- Theatrical poster
- המילים הטובות
- Directed by: Shemi Zarhin
- Written by: Shemi Zarhin
- Starring: Rotem Zissman-Cohen Roy Assaf
- Cinematography: Ronald Plante
- Edited by: Einat Glaser-Zarhin
- Music by: Daniel Scott
- Release date: 28 May 2015;
- Running time: 118 minutes
- Countries: Israel Canada
- Language: Hebrew

= The Kind Words =

2015 Israeli film

The Kind Words (המילים הטובות) is a 2015 Israeli drama film directed by Shemi Zarhin. It was nominated for Best Film at the 2015 Ophir Awards. It was screened in the Contemporary World Cinema section of the 2015 Toronto International Film Festival.

==Plot==
After the death of their mother, three Jewish Israeli siblings discover the man who raised them might not be their biological father. They plan to visit their aunt in France to learn the truth, but she evades their questions.
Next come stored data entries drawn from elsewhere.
lemma explicit_transfer_orbit:
  fixes b \<mu> w0 :: real and X Y :: "nat \<Rightarrow> real"
  assumes "b > 1" "\<mu> \<noteq> 0"
    and cos: "cos \<mu> = 2 * sqrt b / (b + 1)" and sin: "sin \<mu> = (b - 1) / (b + 1)"
    and X_def: "\<And>j. X j = w0 * (1 / sqrt b) ^ j * (1 + sin \<mu> * real j)"
    and Y_def: "\<And>j. Y j = - \<mu> * w0 * (1 / sqrt b) ^ Suc j * sin \<mu> * real j"
  shows "X (Suc j) = X j * cos \<mu> + Y j * sin \<mu> / \<mu>"
    and "b * Y (Suc j) = - \<mu> * X j * sin \<mu> + Y j * cos \<mu>"
proof -
  define r where "r = sqrt b"
  define q where "q = 1 / r"
  define s where "s = sin \<mu>"
  have r: "r > 0" "sqrt b = r" "b = r\<^sup>2" using \<open>b > 1\<close> by (simp_all add: r_def)
  have "r\<^sup>2 + 1 > 0" by (simp add: add_nonneg_pos)
  have s_r: "s = (r\<^sup>2 - 1) / (r\<^sup>2 + 1)" unfolding s_def sin r(3) ..
  have cos_r: "cos \<mu> = 2 * r / (r\<^sup>2 + 1)" unfolding cos r(2) unfolding r(3) ..
  have "1 + s = 2 * r\<^sup>2 / (r\<^sup>2 + 1)"
    unfolding s_r using \<open>r\<^sup>2 + 1 > 0\<close> by (simp add: field_simps)
  then have cos_q: "cos \<mu> = q * (1 + s)"
    unfolding cos_r q_def using \<open>r\<^sup>2 + 1 > 0\<close> r(1) by (simp add: field_simps power2_eq_square)
  have "q * cos \<mu> = 2 / (r\<^sup>2 + 1)" unfolding cos_r q_def using r(1) by simp
  then have s_q: "s + q * cos \<mu> = 1"
    unfolding s_r using \<open>r\<^sup>2 + 1 > 0\<close> by (simp flip: add_divide_distrib)
  have qqb: "q * q * b = 1" using r by (simp add: q_def power2_eq_square)
  have X_q: "X k = w0 * q ^ k * (1 + s * k)" and Y_q: "Y k = - \<mu> * w0 * q ^ Suc k * s * k" for k
    by (simp_all add: X_def Y_def q_def s_def r(2))
  have "X j * cos \<mu> + Y j * sin \<mu> / \<mu> = w0 * q ^ j * (q * (1 + s) * (1 + s * j) - q * s * s * j)"
    using \<open>\<mu> \<noteq> 0\<close> unfolding X_q Y_q cos_q s_def[symmetric] by (simp add: algebra_simps)
  also have "\<dots> = X (Suc j)" by (simp add: X_q algebra_simps)
  finally show "X (Suc j) = X j * cos \<mu> + Y j * sin \<mu> / \<mu>" ..
  have "- \<mu> * X j * sin \<mu> + Y j * cos \<mu> = - \<mu> * s * w0 * q ^ j * (1 + j * (s + q * cos \<mu>))"
    unfolding X_q Y_q s_def[symmetric] by (simp add: algebra_simps)
  also have "\<dots> = (q * q * b) * (- \<mu> * s * w0 * q ^ j * (1 + j))" by (simp add: s_q qqb)
  also have "\<dots> = b * Y (Suc j)" by (simp add: Y_q algebra_simps)
  finally show "b * Y (Suc j) = - \<mu> * X j * sin \<mu> + Y j * cos \<mu>" ..
qed

lemma cos_sin_combination_bounds:
  fixes x y \<mu> \<tau> :: real
  assumes "0 \<le> x" "0 \<le> y" "0 \<le> \<mu>" "\<mu> \<le> pi / 2" "0 \<le> \<tau>" "\<tau> \<le> 1"
  shows "x * cos \<mu> - y * sin \<mu> \<le> x * cos (\<mu> * \<tau>) - y * sin (\<mu> * \<tau>)"
    and "x * cos (\<mu> * \<tau>) - y * sin (\<mu> * \<tau>) \<le> x"
proof -
  have "\<mu> * \<tau> \<le> \<mu>" using assms by (simp add: mult_left_le)
  moreover have "0 \<le> \<mu> * \<tau>" using assms by simp
  ultimately have "cos \<mu> \<le> cos (\<mu> * \<tau>)" "sin (\<mu> * \<tau>) \<le> sin \<mu>" "0 \<le> sin (\<mu> * \<tau>)"
    using assms pi_gt_zero
    by (auto intro!: cos_monotone_0_pi_le sin_monotone_2pi_le sin_ge_zero simp del: mult_nonneg_nonneg)
  with assms show "x * cos \<mu> - y * sin \<mu> \<le> x * cos (\<mu> * \<tau>) - y * sin (\<mu> * \<tau>)"
    and "x * cos (\<mu> * \<tau>) - y * sin (\<mu> * \<tau>) \<le> x"
    using mult_left_mono[of _ _ x] mult_left_mono[of _ _ y] mult_left_mono[OF cos_le_one, of x]
    by (smt (verit) mult_nonneg_nonneg)+
qed

lemma explicit_orbit_cell_bounds:
  fixes b \<mu> w0 \<tau> :: real and X Y :: "nat \<Rightarrow> real"
  assumes "b > 1" "0 < \<mu>" "\<mu> \<le> pi / 2" "0 \<le> w0" "0 \<le> \<tau>" "\<tau> \<le> 1"
    and cos: "cos \<mu> = 2 * sqrt b / (b + 1)" and sin: "sin \<mu> = (b - 1) / (b + 1)"
    and X_def: "\<And>j. X j = w0 * (1 / sqrt b) ^ j * (1 + sin \<mu> * real j)"
    and Y_def: "\<And>j. Y j = - \<mu> * w0 * (1 / sqrt b) ^ Suc j * sin \<mu> * real j"
  shows "X (Suc j) \<le> X j * cos (\<mu> * \<tau>) + Y j * sin (\<mu> * \<tau>) / \<mu>"
    and "X j * cos (\<mu> * \<tau>) + Y j * sin (\<mu> * \<tau>) / \<mu> \<le> X j"
proof -
  define y where "y = w0 * (1 / sqrt b) ^ Suc j * sin \<mu> * real j"
  have Y_y: "Y j * sin \<theta> / \<mu> = - (y * sin \<theta>)" for \<theta>
    using \<open>0 < \<mu>\<close> by (simp add: Y_def y_def)
  have "0 \<le> sin \<mu>" using \<open>b > 1\<close> by (simp add: sin)
  then have "0 \<le> X j" "0 \<le> y" using \<open>0 \<le> w0\<close> \<open>b > 1\<close> by (simp_all add: X_def y_def)
  note bounds = cos_sin_combination_bounds[OF this \<open>0 < \<mu>\<close>[THEN less_imp_le] assms(3,5,6)]
  have "X (Suc j) = X j * cos \<mu> - y * sin \<mu>"
    using explicit_transfer_orbit(1)[OF \<open>b > 1\<close> _ cos sin X_def Y_def] Y_y \<open>0 < \<mu>\<close> by simp
  with bounds Y_y show "X (Suc j) \<le> X j * cos (\<mu> * \<tau>) + Y j * sin (\<mu> * \<tau>) / \<mu>"
    and "X j * cos (\<mu> * \<tau>) + Y j * sin (\<mu> * \<tau>) / \<mu> \<le> X j" by simp_all
qed

lemma g0_cell:
  fixes b t :: real
  assumes "t \<ge> 0"
  obtains j :: nat where "real j \<le> t" "t \<le> real j + 1" "g0 b t = b ^ j"
proof
  let ?j = "nat (\<lceil>t\<rceil> - 1)"
  show "g0 b t = b ^ ?j" by (simp add: g0_def)
  show "real ?j \<le> t" "t \<le> real ?j + 1"
    using assms ceiling_correct[of t] by (cases "t = 0"; simp)+
qed

lemma weighted_bounds_from_cell_bounds:
  fixes w :: "real \<Rightarrow> real" and b s w0 :: real
  assumes "b > 1" "0 < s" "s < 1" "0 < w0"
    and cell: "\<And>(j::nat) t. t \<in> {real j..real j + 1} \<Longrightarrow>
       w0 * (1 / sqrt b) ^ Suc j * (1 + s * real (Suc j)) \<le> w t \<and>
       w t \<le> w0 * (1 / sqrt b) ^ j * (1 + s * real j)"
  shows "\<exists>C1 C2. 0 < C1 \<and> C1 < C2 \<and>
           (\<forall>t\<ge>0. C1 * (1 + t) / sqrt (g0 b t) \<le> w t \<and> w t \<le> C2 * (1 + t) / sqrt (g0 b t))"
proof (intro exI conjI allI impI)
  define q where "q = 1 / sqrt b"
  have q: "0 < q" "q < 1" using \<open>b > 1\<close> by (simp_all add: q_def)
  show "0 < w0 * q * s" and "w0 * q * s < w0"
    using assms q mult_strict_mono[of q 1 s 1] by (simp_all add: mult.assoc)
  fix t :: real assume "0 \<le> t"
  then obtain j :: nat where j: "real j \<le> t" "t \<le> real j + 1" "g0 b t = b ^ j"
    by (rule g0_cell)
  have scale: "C * (1 + t) / sqrt (g0 b t) = C * (1 + t) * q ^ j" for C
    by (simp add: j(3) q_def real_sqrt_power power_one_over)
  have "s * t \<le> s * (real j + 1)" using j \<open>0 < s\<close> by simp
  then have "s * (1 + t) \<le> 1 + s * real (Suc j)" using \<open>s < 1\<close> by (simp add: algebra_simps)
  then have "(w0 * q ^ Suc j) * (s * (1 + t)) \<le> (w0 * q ^ Suc j) * (1 + s * real (Suc j))"
    using \<open>0 < w0\<close> q by (intro mult_left_mono) simp_all
  then have "w0 * q * s * (1 + t) * q ^ j \<le> w0 * q ^ Suc j * (1 + s * real (Suc j))"
    by (simp add: ac_simps)
  moreover have "s * real j \<le> t" using j assms(2,3) mult_left_le_one_le[of "real j" s] by simp
  then have "w0 * q ^ j * (1 + s * real j) \<le> w0 * (1 + t) * q ^ j"
    using \<open>0 < w0\<close> q by (simp add: ac_simps mult_left_mono)
  ultimately show "w0 * q * s * (1 + t) / sqrt (g0 b t) \<le> w t"
    and "w t \<le> w0 * (1 + t) / sqrt (g0 b t)"
    unfolding scale using cell[of t j] j(1,2) by (auto simp: q_def)
qed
Later, they find out the man they were looking is an Algerian, Maurice Leon, but he himself doesn't reveal who he his or his religion.

==Cast==
- Rotem Zissman-Cohen as Dorona
- Assaf Ben-Shimon as Shai
- Roy Assaf as Netanel
- Levana Finkelstein as Yona Baruch
- Sasson Gabai as The Father
- Tzachi Halevy as Rikki
- Maurice Bénichou as Maurice Lyon

==Reception==
The Kind Words has a 78% on Rotten Tomatoes based on 9 reviews as well as 75% approval, based on 5 reviews on Metacritic.